Ever since 2013, carriers have been instituting a new method of holding customers besides the traditional annual or bi-annual contracts. The top four carriers have all instituted some kind of early upgrade program, designed for the tech-savvy consumer who wants to upgrade their phone frequently. These plans, T-Mobile Jump, AT&T Next, Verizon Edge, and Sprint Easy Pay. While we have done a comparison like this before, things have changed. What I am going to do here is explain what these plans mean, what you are getting from them, and how your money is being spent.
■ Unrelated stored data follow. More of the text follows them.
(* Let $k_1,k_2,\dots$ be i.i.d. random variables with values in $\{1,2,\dots\}$ and $\mathbb{P}(k_n=m)=\frac{1}{m(m+1)}$ for $m\ge 1$. Define record times $n_1=1$ and, for $j\ge1$, $n_{j+1}=\min\{n>n_j: k_n>k_{n_j}\}$ (so $k_{n_j}>\max_{n<n_j}k_n$). Then almost surely, for all sufficiently large $j$: (i) $k_n<k_{n_j}$ for every $n$ with $n_j<n<n_{j+1}$ (i.e. the value $k_{n_j}$ does not reappear before the next record), and (ii) $k_{n_j}>2^{j/3}$. *)

theory Defs
  imports "HOL-Probability.Probability"
begin

text \<open>Record times of a sequence kk (indexed from 1): record_time kk j is n_j for j >= 1;
  n_1 = 1 and n_(j+1) = min {n > n_j. kk n > kk n_j}. The value at j = 0 is unused.\<close>
fun record_time :: "(nat \<Rightarrow> nat) \<Rightarrow> nat \<Rightarrow> nat" where
  "record_time kk 0 = 0"
| "record_time kk (Suc 0) = 1"
| "record_time kk (Suc (Suc j)) =
     (LEAST n. record_time kk (Suc j) < n \<and> kk (record_time kk (Suc j)) < kk n)"

end

theory Submission
  imports Defs "HOL-Probability.Probability"
begin
definition classes_132 :: "(nat \<times> int) list list list" where
  "classes_132 = [[[(1,4), (2,10), (3,9)], [(2,17), (4,26), (5,20)], [(0,11), (3,1), (7,4)], [(4,18), (5,30), (6,28)], [(1,5), (6,3), (7,24)], [(1,0), (2,36), (5,4)], [(0,30), (4,25), (7,38)], [(0,34), (3,38), (6,11)]],
    [[(2,29), (5,22), (7,32)], [(0,11), (3,33), (4,13)], [(4,38), (6,35), (7,7)], [(1,0), (3,25), (6,15)], [(1,37), (4,24), (7,24)], [(1,14), (5,6), (6,25)], [(0,30), (2,1), (5,29)], [(0,1), (2,36), (3,14)]],
    [[(4,21), (5,20), (7,15)], [(2,38), (3,28), (7,20)], [(0,23), (1,7), (4,31)], [(0,15), (5,18), (6,5)], [(0,13), (3,27), (5,4)], [(1,36), (2,16), (6,1)], [(2,27), (6,33), (7,16)], [(1,14), (3,32), (4,5)]],
    [[(2,23), (3,8), (7,38)], [(0,36), (2,30), (5,11)], [(0,16), (3,33), (6,21)], [(1,20), (4,21), (5,16)], [(3,22), (4,4), (7,6)], [(1,22), (6,4), (7,16)], [(2,16), (4,23), (5,0)], [(0,32), (1,33), (6,23)]],
    [[(0,33), (6,5), (7,14)], [(0,5), (2,25), (4,35)], [(3,9), (4,37), (5,20)], [(1,3), (3,5), (7,34)], [(0,28), (1,28), (6,13)], [(1,17), (2,11), (5,15)], [(2,9), (4,30), (7,36)], [(3,16), (5,37), (6,0)]],
    [[(2,15), (3,6), (5,20)], [(0,33), (1,20), (6,4)], [(0,8), (5,18), (7,8)], [(1,16), (3,7), (4,15)], [(2,20), (6,6), (7,10)], [(0,37), (1,30), (4,37)], [(3,17), (4,20), (5,25)], [(2,31), (6,26), (7,15)]],
    [[(0,1), (3,38), (5,3)], [(1,36), (2,5), (4,2)], [(1,4), (2,21), (3,3)], [(2,10), (6,12), (7,4)], [(5,10), (6,28), (7,30)], [(0,35), (4,7), (7,8)], [(0,24), (1,29), (4,6)], [(3,37), (5,5), (6,26)]],
    [[(1,23), (4,17), (5,1)], [(0,32), (4,3), (7,37)], [(0,1), (5,24), (6,8)], [(3,0), (6,30), (7,20)], [(1,21), (5,35), (7,36)], [(0,18), (2,18), (3,10)], [(1,28), (2,14), (3,8)], [(2,10), (4,1), (6,28)]],
    [[(5,11), (6,35), (7,13)], [(0,28), (1,9), (7,15)], [(3,5), (4,25), (7,5)], [(0,24), (1,19), (2,15)], [(2,4), (5,4), (6,3)], [(0,8), (4,11), (6,1)], [(1,35), (3,9), (4,18)], [(2,11), (3,37), (5,27)]],
    [[(4,2), (5,9), (6,37)], [(0,31), (3,7), (4,6)], [(1,29), (6,18), (7,14)], [(0,17), (5,34), (6,35)], [(0,15), (2,3), (7,13)], [(1,21), (2,31), (3,14)], [(1,37), (3,21), (4,7)], [(2,32), (5,8), (7,12)]],
    [[(2,28), (5,34), (6,24)], [(2,38), (4,5), (5,9)], [(0,5), (1,34), (5,29)], [(0,25), (1,38), (2,15)], [(3,22), (4,6), (7,21)], [(1,21), (6,28), (7,38)], [(3,9), (4,19), (7,28)], [(0,3), (3,8), (6,17)]],
    [[(1,11), (2,24), (5,19)], [(3,11), (4,22), (7,27)], [(0,13), (4,29), (7,16)], [(0,5), (3,31), (6,17)], [(0,18), (1,22), (2,10)], [(2,35), (4,36), (6,1)], [(3,33), (5,27), (7,2)], [(1,3), (5,14), (6,30)]],
    [[(0,15), (2,1), (6,23)], [(1,12), (3,7), (5,37)], [(0,29), (1,2), (7,15)], [(2,35), (4,22), (6,6)], [(0,25), (5,2), (7,17)], [(1,10), (2,12), (3,26)], [(3,36), (4,27), (6,34)], [(4,23), (5,12), (7,4)]],
    [[(4,32), (5,7), (6,34)], [(0,1), (2,7), (3,34)], [(2,26), (4,22), (7,25)], [(0,33), (3,35), (5,23)], [(1,14), (6,11), (7,36)], [(1,31), (4,12), (7,26)], [(0,26), (2,30), (6,30)], [(1,12), (3,12), (5,30)]],
    [[(5,25), (6,22), (7,38)], [(0,31), (4,5), (5,3)], [(1,7), (3,11), (6,3)], [(2,26), (3,10), (7,37)], [(0,8), (1,14), (2,19)], [(3,12), (6,26), (7,33)], [(0,33), (1,15), (4,3)], [(2,21), (4,34), (5,8)]],
    [[(1,22), (2,11), (3,29)], [(2,16), (3,16), (4,32)], [(0,5), (5,3), (7,14)], [(3,18), (5,1), (6,12)], [(1,36), (4,36), (6,35)], [(4,25), (6,10), (7,15)], [(0,34), (1,2), (2,3)], [(0,24), (5,17), (7,1)]],
    [[(4,10), (5,20), (7,26)], [(1,0), (3,21), (4,14)], [(1,13), (2,0), (3,7)], [(1,17), (5,22), (7,10)], [(3,17), (5,3), (7,24)], [(0,11), (4,0), (6,32)], [(0,31), (2,4), (6,12)], [(0,6), (2,38), (6,25)]],
    [[(0,13), (1,16), (3,36)], [(0,30), (4,8), (6,16)], [(1,36), (2,1), (4,9)], [(1,29), (3,14), (6,21)], [(5,22), (6,14), (7,27)], [(0,14), (5,0), (7,32)], [(2,30), (3,28), (5,38)], [(2,14), (4,19), (7,16)]],
    [[(0,33), (1,25), (3,0)], [(2,35), (5,25), (6,33)], [(2,33), (4,19), (6,5)], [(1,18), (5,3), (7,0)], [(0,16), (3,1), (7,5)], [(3,26), (4,30), (5,38)], [(0,32), (4,17), (7,34)], [(1,32), (2,16), (6,25)]],
    [[(0,31), (3,19), (4,15)], [(1,16), (4,20), (5,37)], [(2,20), (6,34), (7,25)], [(1,23), (5,35), (6,26)], [(0,3), (2,10), (7,17)], [(3,35), (6,15), (7,30)], [(0,2), (2,18), (4,37)], [(1,9), (3,15), (5,0)]],
    [[(2,11), (3,6), (5,3)], [(0,16), (4,14), (6,17)], [(1,32), (2,30), (7,21)], [(0,30), (4,27), (5,17)], [(1,21), (3,38), (6,4)], [(3,31), (4,10), (6,24)], [(0,35), (1,10), (7,20)], [(2,13), (5,7), (7,10)]],
    [[(0,25), (4,19), (5,34)], [(1,25), (2,28), (7,23)], [(0,14), (2,15), (6,8)], [(0,0), (3,30), (5,6)], [(3,31), (5,23), (6,27)], [(1,30), (4,26), (6,31)], [(2,17), (3,29), (7,0)], [(1,32), (4,27), (7,13)]],
    [[(1,37), (6,14), (7,38)], [(2,34), (3,14), (7,15)], [(1,6), (2,6), (5,7)], [(3,21), (4,35), (6,27)], [(0,12), (1,29), (4,18)], [(3,25), (4,31), (5,18)], [(0,32), (2,17), (5,14)], [(0,31), (6,19), (7,25)]],
    [[(3,4), (5,3), (7,21)], [(1,5), (3,14), (4,8)], [(2,20), (4,9), (6,21)], [(1,18), (3,6), (4,4)], [(0,29), (2,4), (5,29)], [(2,30), (6,7), (7,7)], [(0,1), (1,31), (7,35)], [(0,30), (5,31), (6,14)]],
    [[(1,8), (2,28), (5,27)], [(0,2), (6,37), (7,31)], [(2,21), (4,16), (6,38)], [(0,34), (1,33), (7,5)], [(0,18), (4,11), (5,7)], [(2,26), (3,19), (5,14)], [(3,5), (4,27), (6,27)], [(1,34), (3,21), (7,36)]],
    [[(0,14), (1,23), (5,6)], [(3,32), (4,20), (6,31)], [(2,13), (4,16), (5,35)], [(1,12), (6,29), (7,17)], [(0,10), (2,8), (6,36)], [(0,15), (3,33), (5,22)], [(1,13), (3,16), (7,25)], [(2,30), (4,9), (7,30)]],
    [[(3,34), (4,10), (6,19)], [(0,14), (2,3), (6,6)], [(1,13), (4,26), (5,19)], [(1,32), (2,14), (7,23)], [(2,34), (3,5), (5,8)], [(0,33), (4,12), (6,32)], [(1,33), (5,9), (7,21)], [(0,22), (3,15), (7,13)]],
    [[(4,25), (5,7), (7,24)], [(3,16), (4,6), (7,2)], [(1,3), (2,10), (3,38)], [(0,6), (1,28), (6,3)], [(2,0), (5,24), (6,19)], [(0,23), (5,2), (7,1)], [(0,37), (2,11), (4,38)], [(1,8), (3,0), (6,2)]],
    [[(3,38), (5,16), (6,33)], [(0,27), (2,26), (3,27)], [(0,2), (1,4), (4,6)], [(1,29), (4,1), (5,3)], [(2,33), (4,8), (7,12)], [(0,25), (6,8), (7,22)], [(5,32), (6,37), (7,17)], [(1,24), (2,19), (3,25)]],
    [[(2,0), (3,5), (7,1)], [(4,4), (5,13), (7,11)], [(0,8), (3,36), (6,8)], [(0,19), (2,2), (4,2)], [(1,1), (2,31), (4,24)], [(1,33), (5,35), (6,6)], [(0,0), (1,11), (3,19)], [(5,6), (6,13), (7,6)]],
    [[(0,5), (2,8), (5,17)], [(2,13), (3,16), (7,27)], [(1,38), (4,35), (6,24)], [(0,18), (3,17), (4,4)], [(1,18), (5,28), (6,28)], [(4,33), (6,20), (7,17)], [(2,18), (5,9), (7,31)], [(0,4), (1,28), (3,0)]],
    [[(0,6), (1,3), (3,18)], [(2,28), (3,32), (7,21)], [(4,12), (5,32), (6,6)], [(0,31), (6,1), (7,19)], [(3,19), (4,11), (6,32)], [(0,17), (5,36), (7,32)], [(1,25), (2,36), (4,1)], [(1,38), (2,14), (5,28)]],
    [[(1,14), (6,5), (7,13)], [(2,23), (5,19), (7,27)], [(0,17), (1,3), (2,34)], [(0,1), (3,4), (4,28)], [(4,30), (5,21), (6,7)], [(2,30), (4,2), (5,2)], [(0,27), (3,9), (7,11)], [(1,19), (3,29), (6,6)]],
    [[(1,14), (3,26), (7,11)], [(1,3), (4,24), (5,35)], [(0,8), (3,33), (7,30)], [(2,22), (4,7), (6,26)], [(0,22), (3,31), (5,27)], [(0,21), (5,16), (6,36)], [(2,23), (4,38), (7,31)], [(1,37), (2,30), (6,37)]],
    [[(0,10), (1,20), (7,29)], [(0,12), (2,14), (3,22)], [(0,14), (2,1), (6,31)], [(4,18), (5,21), (7,10)], [(2,36), (3,33), (6,30)], [(1,1), (5,8), (7,15)], [(3,23), (4,28), (5,7)], [(1,3), (4,32), (6,23)]],
    [[(2,18), (4,38), (5,30)], [(1,4), (6,17), (7,4)], [(1,27), (2,2), (6,22)], [(1,35), (5,32), (7,12)], [(0,25), (3,33), (4,1)], [(0,33), (3,10), (5,16)], [(0,17), (2,1), (6,30)], [(3,26), (4,27), (7,38)]],
    [[(3,27), (4,27), (7,10)], [(0,4), (1,20), (6,38)], [(0,0), (2,19), (4,31)], [(1,7), (5,23), (6,16)], [(2,33), (5,13), (7,0)], [(3,13), (4,8), (7,26)], [(0,14), (1,33), (2,23)], [(3,8), (5,9), (6,12)]],
    [[(1,10), (2,32), (3,8)], [(1,38), (5,25), (7,2)], [(3,33), (5,14), (6,20)], [(0,32), (4,19), (7,4)], [(4,14), (6,9), (7,12)], [(0,31), (2,28), (4,30)], [(0,33), (1,27), (5,27)], [(2,3), (3,16), (6,16)]],
    [[(0,11), (1,9), (7,17)], [(2,28), (4,20), (5,26)], [(0,28), (2,33), (3,29)], [(0,18), (6,24), (7,25)], [(1,14), (3,36), (4,33)], [(4,13), (5,10), (6,19)], [(1,25), (5,24), (7,15)], [(2,17), (3,37), (6,38)]],
    [[(1,28), (4,21), (5,9)], [(0,11), (2,29), (5,7)], [(0,0), (1,27), (4,5)], [(3,4), (5,23), (7,9)], [(2,12), (4,10), (6,27)], [(1,14), (3,11), (6,19)], [(0,19), (3,0), (7,32)], [(2,25), (6,17), (7,37)]],
    [[(2,33), (3,3), (6,6)], [(0,8), (3,5), (5,5)], [(0,21), (1,29), (7,25)], [(2,25), (5,27), (7,21)], [(1,3), (4,13), (6,11)], [(3,34), (4,12), (6,13)], [(0,1), (1,19), (5,28)], [(2,29), (4,23), (7,14)]],
    [[(0,32), (6,30), (7,14)], [(1,31), (2,1), (4,23)], [(0,18), (1,33), (5,22)], [(0,10), (3,17), (4,30)], [(3,24), (5,33), (7,3)], [(1,11), (5,38), (6,13)], [(2,35), (4,19), (6,32)], [(2,33), (3,19), (7,25)]],
    [[(4,0), (6,15), (7,10)], [(1,31), (5,15), (6,11)], [(1,33), (3,23), (7,17)], [(0,28), (2,10), (7,27)], [(0,36), (3,31), (5,5)], [(3,6), (5,4), (6,16)], [(0,11), (2,6), (4,23)], [(1,14), (2,32), (4,22)]],
    [[(3,17), (6,32), (7,31)], [(1,23), (4,29), (7,2)], [(1,36), (2,21), (5,0)], [(0,9), (4,28), (5,29)], [(0,22), (4,12), (5,37)], [(2,35), (3,7), (7,33)], [(0,11), (1,7), (6,13)], [(2,19), (3,21), (6,3)]]]"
Generally, all these plans have the same basic structure. What you get from the carrier is a form of interest-free financing that divides the cost of the phone up among a given period, which traditionally is anywhere from 20-24 months. The Sprint and T-Mobile plans make you pay a down payment on the phones in order to help reduce your monthly fee. T-Mobile charges you $10/month to get on the Jump train and to cover you through their device insurance (which typically costs $8/month if you aren't on Jump). Should you want to back out of the deal, you will pay the remaining balance on your phone, and then it is yours. If you want to upgrade your device, it works the same on all four carriers: you trade in your phone (which neutralizes the balance you had left over) and then you pick a new one, starting the cycle all over again. What I am going to do with some help from The Verge, is look at a real life situation here. For the sake of the example, lets say I want to get a new 16GB iPhone 5S (boo! hiss!) when my contract is up. The reason I say to use the iPhone is because it is very pricey, so the numbers when divided won't be very small, allowing for a more obvious difference. Let's first look at what each plan does when you want to upgrade once a year:
Now what just happened was a similar plan was calculated for each carrier. T-Mobile was done with a Simple Choice Plan with 2.5GB of data. On Verizon, you see the More Everything 2GB plan , and on their rival AT&T there is the 2GB Mobile Share Value plan. For Sprint, the only plan that you can do an early upgrade on is the Framily Plan, which comes with unlimited data. While this is nice, it is very important to remember that Sprint's 4G high-speed network is nowhere near as common as the others, and their 3G speeds are terribly slow (speaking from experience). Now with this plan, you are waiting a year to upgrade your device. This means that you will be spending your hard-earned cash on a larger portion of the phone. now T-Mobile and Verizon offer an alternative that can save you money... upgrading every six months.
Disclaimer: The total cost for T-Mobile should read $2,814 rather than the printed $2,328. The original printed number is the cost on the original version of Jump, which has since changed.
These plans look pretty good, right? Well, you would be correct. The biggest downfall of these plans is that you do not get to keep your phone, which you could theoretically resell and get some cash out of it. On average, a year old smartphone could ring up to around $300, which really only affects you if you like to sell your devices. If, for some reason, you prefer to keep your old handsets, or just recycle them, than these plans are not a bad choice. With all the recent changes that have been happening to data planning and pricing, it would not surprise me one bit if these chart were obsolete by the end of next month. Also, if you go for a larger data plan on AT&T or Verizon, your costs could be very different from what we have here, since they have been giving bonuses for those who opt for 10GB or larger data plans. Sprint also has an interesting possibility, since if you get more than 7 people on one Framily Plan it only costs $25 a line rather than $55 a line for the individual plan, excluding the $20 unlimited data charge and annual Easy Pay upgrades.
T-Mobile's plan is unsurprisingly the best deal available. If you are looking to upgrade once a year, the savings will be minimal, but the plan does include insurance. T-Mobile just announced a change (which explains the error in the chart) that makes their twice-a-year deal a little bit less of a bargain, but the point is that it still includes insurance. Basically, what we see here is that if you are planning to upgrade your phone once a year, you really will not gain that much from these plans, especially when you consider the resale value of your phone. If you don't want to sell your old phone, then one of these plans might just be what you were looking for. The twice-a-year plans offered by T-Mobile and Verizon is quite a deal as opposed to going about it the old fashioned route. So if you want to try out a new phone every six months, and you want to do it in the most economically friendly fashion, this method may just be the one for you!